Content starts

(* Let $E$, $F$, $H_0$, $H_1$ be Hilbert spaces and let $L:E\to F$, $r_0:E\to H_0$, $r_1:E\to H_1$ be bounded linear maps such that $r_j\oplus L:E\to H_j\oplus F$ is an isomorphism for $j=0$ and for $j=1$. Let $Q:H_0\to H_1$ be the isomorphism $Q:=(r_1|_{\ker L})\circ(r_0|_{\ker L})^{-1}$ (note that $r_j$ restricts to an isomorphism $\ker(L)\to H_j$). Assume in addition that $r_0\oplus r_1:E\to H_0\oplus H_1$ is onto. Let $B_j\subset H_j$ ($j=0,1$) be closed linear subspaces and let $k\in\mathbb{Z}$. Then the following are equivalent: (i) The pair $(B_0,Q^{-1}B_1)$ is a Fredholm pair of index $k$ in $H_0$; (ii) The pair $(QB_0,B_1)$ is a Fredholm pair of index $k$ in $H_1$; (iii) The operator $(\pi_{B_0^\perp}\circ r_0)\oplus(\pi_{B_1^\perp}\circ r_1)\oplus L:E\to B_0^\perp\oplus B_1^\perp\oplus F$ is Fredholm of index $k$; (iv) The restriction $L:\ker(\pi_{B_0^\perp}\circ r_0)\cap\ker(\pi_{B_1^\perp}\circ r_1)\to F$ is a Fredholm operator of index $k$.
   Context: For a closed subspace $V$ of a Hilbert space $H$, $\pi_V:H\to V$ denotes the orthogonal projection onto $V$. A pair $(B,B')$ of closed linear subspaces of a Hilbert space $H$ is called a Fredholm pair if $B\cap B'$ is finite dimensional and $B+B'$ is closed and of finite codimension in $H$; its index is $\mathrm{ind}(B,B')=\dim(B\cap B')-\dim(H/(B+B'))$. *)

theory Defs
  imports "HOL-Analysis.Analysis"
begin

Content ends

## What is required
Every record must be given again exactly as it was written.

## Exercise output
(* Let $E$, $F$, $H_0$, $H_1$ be Hilbert spaces and let $L:E\to F$, $r_0:E\to H_0$, $r_1:E\to H_1$ be bounded linear maps such that $r_j\oplus L:E\to H_j\oplus F$ is an isomorphism for $j=0$ and for $j=1$. Let $Q:H_0\to H_1$ be the isomorphism $Q:=(r_1|_{\ker L})\circ(r_0|_{\ker L})^{-1}$ (note that $r_j$ restricts to an isomorphism $\ker(L)\to H_j$). Assume in addition that $r_0\oplus r_1:E\to H_0\oplus H_1$ is onto. Let $B_j\subset H_j$ ($j=0,1$) be closed linear subspaces and let $k\in\mathbb{Z}$. Then the following are equivalent: (i) The pair $(B_0,Q^{-1}B_1)$ is a Fredholm pair of index $k$ in $H_0$; (ii) The pair $(QB_0,B_1)$ is a Fredholm pair of index $k$ in $H_1$; (iii) The operator $(\pi_{B_0^\perp}\circ r_0)\oplus(\pi_{B_1^\perp}\circ r_1)\oplus L:E\to B_0^\perp\oplus B_1^\perp\oplus F$ is Fredholm of index $k$; (iv) The restriction $L:\ker(\pi_{B_0^\perp}\circ r_0)\cap\ker(\pi_{B_1^\perp}\circ r_1)\to F$ is a Fredholm operator of index $k$.
   Context: For a closed subspace $V$ of a Hilbert space $H$, $\pi_V:H\to V$ denotes the orthogonal projection onto $V$. A pair $(B,B')$ of closed linear subspaces of a Hilbert space $H$ is called a Fredholm pair if $B\cap B'$ is finite dimensional and $B+B'$ is closed and of finite codimension in $H$; its index is $\mathrm{ind}(B,B')=\dim(B\cap B')-\dim(H/(B+B'))$. *)

theory Defs
  imports "HOL-Analysis.Analysis"
begin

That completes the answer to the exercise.